(Records from a data source)
Start of Block

(* Let $K,L>0$, let $A(p,q)=(p^2q)^{1/3}$ and $A^\delta(p,q)=\operatorname{sgn}(q)\min\left(\lvert A(p,q)\rvert,K\lvert p\rvert,L\lvert q\rvert\right)$. Define $A^{\delta,+}(p,q)=A^\delta(p^+,q^+)$ and $A^{\delta,-}(p,q)=A^\delta(p^-,q^-)$. Then \[ -A^\delta(p,q)=A^{\delta,+}(\lvert p\rvert,-q)+A^{\delta,-}(-\lvert p\rvert,-q)\quad\text{for all }p,q\in\mathbb R, \] and $A^{\delta,+}\in ND^+(\mathbb R^2)$, $A^{\delta,-}\in ND^-(\mathbb R^2)$.
   Context: Real cube root; $\operatorname{sgn}(q)=q/\lvert q\rvert$ for $q\ne0$ and $\operatorname{sgn}(0)=0$; $x^+=\max(x,0)$, $x^-=\min(x,0)$. For $x,y\in\mathbb R^N$, $x\le y$ means componentwise; $F\in ND(\mathbb R^N)$ means $x\le y\Rightarrow F(x)\le F(y)$; $ND^+(\mathbb R^N)$ (resp. $ND^-(\mathbb R^N)$) are the nondecreasing functions with values in $[0,\infty)$ (resp. $(-\infty,0]$). *)

theory Defs
  imports Complex_Main
begin

text \<open>Real cube root: root 3 is the real (odd) root, defined also for negative arguments.\<close>
definition A :: "real \<Rightarrow> real \<Rightarrow> real" where
  "A p q = root 3 (p^2 * q)"

definition Adelta :: "real \<Rightarrow> real \<Rightarrow> real \<Rightarrow> real \<Rightarrow> real" where
  "Adelta K L p q = sgn q * min \<bar>A p q\<bar> (min (K * \<bar>p\<bar>) (L * \<bar>q\<bar>))"

definition Adelta_plus :: "real \<Rightarrow> real \<Rightarrow> real \<Rightarrow> real \<Rightarrow> real" where
  "Adelta_plus K L p q = Adelta K L (max p 0) (max q 0)"

definition Adelta_minus :: "real \<Rightarrow> real \<Rightarrow> real \<Rightarrow> real \<Rightarrow> real" where
  "Adelta_minus K L p q = Adelta K L (min p 0) (min q 0)"

definition ND2 :: "(real \<Rightarrow> real \<Rightarrow> real) \<Rightarrow> bool" where
  "ND2 F \<longleftrightarrow> (\<forall>p1 q1 p2 q2. p1 \<le> p2 \<and> q1 \<le> q2 \<longrightarrow> F p1 q1 \<le> F p2 q2)"

definition ND2_plus :: "(real \<Rightarrow> real \<Rightarrow> real) \<Rightarrow> bool" where
  "ND2_plus F \<longleftrightarrow> ND2 F \<and> (\<forall>p q. F p q \<ge> 0)"

definition ND2_minus :: "(real \<Rightarrow> real \<Rightarrow> real) \<Rightarrow> bool" where
  "ND2_minus F \<longleftrightarrow> ND2 F \<and> (\<forall>p q. F p q \<le> 0)"

end

theory Submission
  imports Defs
begin

text \<open>Adelta is even in p and odd in q, and on the closed first quadrant it is a minimum of
  three nonnegative functions that are nondecreasing in (p, q). Oddness gives
  -Adelta(p, q) = Adelta(|p|, -q); of the two summands on the right only the one matching the
  sign of -q can be nonzero, and it equals Adelta(|p|, -q) by evenness. Finally
  Adelta_minus(p, q) = -Adelta_plus(-p, -q), so monotonicity of Adelta_minus follows from that
  of Adelta_plus.\<close>

lemma A_uminus_left: "A (- p) q = A p q"
  by (simp add: A_def)

lemma A_uminus_right: "A p (- q) = - A p q"
  by (simp add: A_def real_root_minus)

lemma Adelta_uminus_left: "Adelta K L (- p) q = Adelta K L p q"
  by (simp add: Adelta_def A_uminus_left)

lemma Adelta_abs_left: "Adelta K L \<bar>p\<bar> q = Adelta K L p q"
  by (cases "p \<ge> 0") (auto simp: Adelta_uminus_left)

lemma Adelta_uminus_right: "Adelta K L p (- q) = - Adelta K L p q"
  by (simp add: Adelta_def A_uminus_right sgn_minus)

lemma Adelta_zero_right [simp]: "Adelta K L p 0 = 0"
  by (simp add: Adelta_def)

lemma Adelta_nonneg:
  assumes "K \<ge> 0" "L \<ge> 0" "q \<ge> 0"
  shows "Adelta K L p q \<ge> 0"
  using assms by (cases "q = 0") (auto simp: Adelta_def)

lemma Adelta_mono_nonneg:
  assumes K: "K \<ge> 0" and L: "L \<ge> 0"
    and p: "0 \<le> p1" "p1 \<le> p2" and q: "0 \<le> q1" "q1 \<le> q2"
  shows "Adelta K L p1 q1 \<le> Adelta K L p2 q2"
proof (cases "q1 = 0")
  case True
  then show ?thesis using Adelta_nonneg[OF K L] q by simp
next
  case False
  with q have "q1 > 0" "q2 > 0" by auto
  have "p1\<^sup>2 * q1 \<le> p2\<^sup>2 * q2"
    using p q by (intro mult_mono power_mono) auto
  then have "\<bar>A p1 q1\<bar> \<le> \<bar>A p2 q2\<bar>"
    using p q by (simp add: A_def)
  moreover have "K * \<bar>p1\<bar> \<le> K * \<bar>p2\<bar>" "L * \<bar>q1\<bar> \<le> L * \<bar>q2\<bar>"
    using p q K L by (auto intro: mult_left_mono)
  ultimately show ?thesis
    using \<open>q1 > 0\<close> \<open>q2 > 0\<close> by (simp add: Adelta_def min.coboundedI1 min.coboundedI2)
qed

lemma Adelta_minus_eq_uminus_Adelta_plus:
  "Adelta_minus K L p q = - Adelta_plus K L (- p) (- q)"
proof -
  have "min p 0 = - max (- p) 0" "min q 0 = - max (- q) 0" by auto
  then show ?thesis
    by (simp add: Adelta_minus_def Adelta_plus_def Adelta_uminus_left Adelta_uminus_right)
qed

lemma uminus_Adelta_eq_Adelta_plus_Adelta_minus:
  "- Adelta K L p q = Adelta_plus K L \<bar>p\<bar> (- q) + Adelta_minus K L (- \<bar>p\<bar>) (- q)"
proof -
  have "- Adelta K L p q = Adelta K L \<bar>p\<bar> (- q)"
    by (simp add: Adelta_uminus_right Adelta_abs_left)
  then show ?thesis
    unfolding Adelta_plus_def Adelta_minus_def
    by (cases "q \<le> 0") (auto simp: Adelta_uminus_left min_def max_def)
qed

lemma ND2_plus_Adelta_plus:
  assumes "K \<ge> 0" "L \<ge> 0"
  shows "ND2_plus (Adelta_plus K L)"
  unfolding ND2_plus_def ND2_def Adelta_plus_def
  by (auto intro!: Adelta_mono_nonneg Adelta_nonneg max.mono assms)

lemma ND2_minus_Adelta_minus:
  assumes "K \<ge> 0" "L \<ge> 0"
  shows "ND2_minus (Adelta_minus K L)"
  using ND2_plus_Adelta_plus[OF assms]
  unfolding ND2_minus_def ND2_plus_def ND2_def Adelta_minus_eq_uminus_Adelta_plus
  by auto

theorem mainTheorem6:
  fixes K L :: real
  assumes "K > 0" and "L > 0"
  shows "(\<forall>p q. - Adelta K L p q
             = Adelta_plus K L \<bar>p\<bar> (- q) + Adelta_minus K L (- \<bar>p\<bar>) (- q))
         \<and> ND2_plus (Adelta_plus K L) \<and> ND2_minus (Adelta_minus K L)"
  using assms uminus_Adelta_eq_Adelta_plus_Adelta_minus
    ND2_plus_Adelta_plus ND2_minus_Adelta_minus by simp

end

End of Block

Work to complete ▸ Lines with "longleftrightarrow" in the records above: copy every one of them.

Reply ▸
  "ND2 F \<longleftrightarrow> (\<forall>p1 q1 p2 q2. p1 \<le> p2 \<and> q1 \<le> q2 \<longrightarrow> F p1 q1 \<le> F p2 q2)"
  "ND2_plus F \<longleftrightarrow> ND2 F \<and> (\<forall>p q. F p q \<ge> 0)"
  "ND2_minus F \<longleftrightarrow> ND2 F \<and> (\<forall>p q. F p q \<le> 0)"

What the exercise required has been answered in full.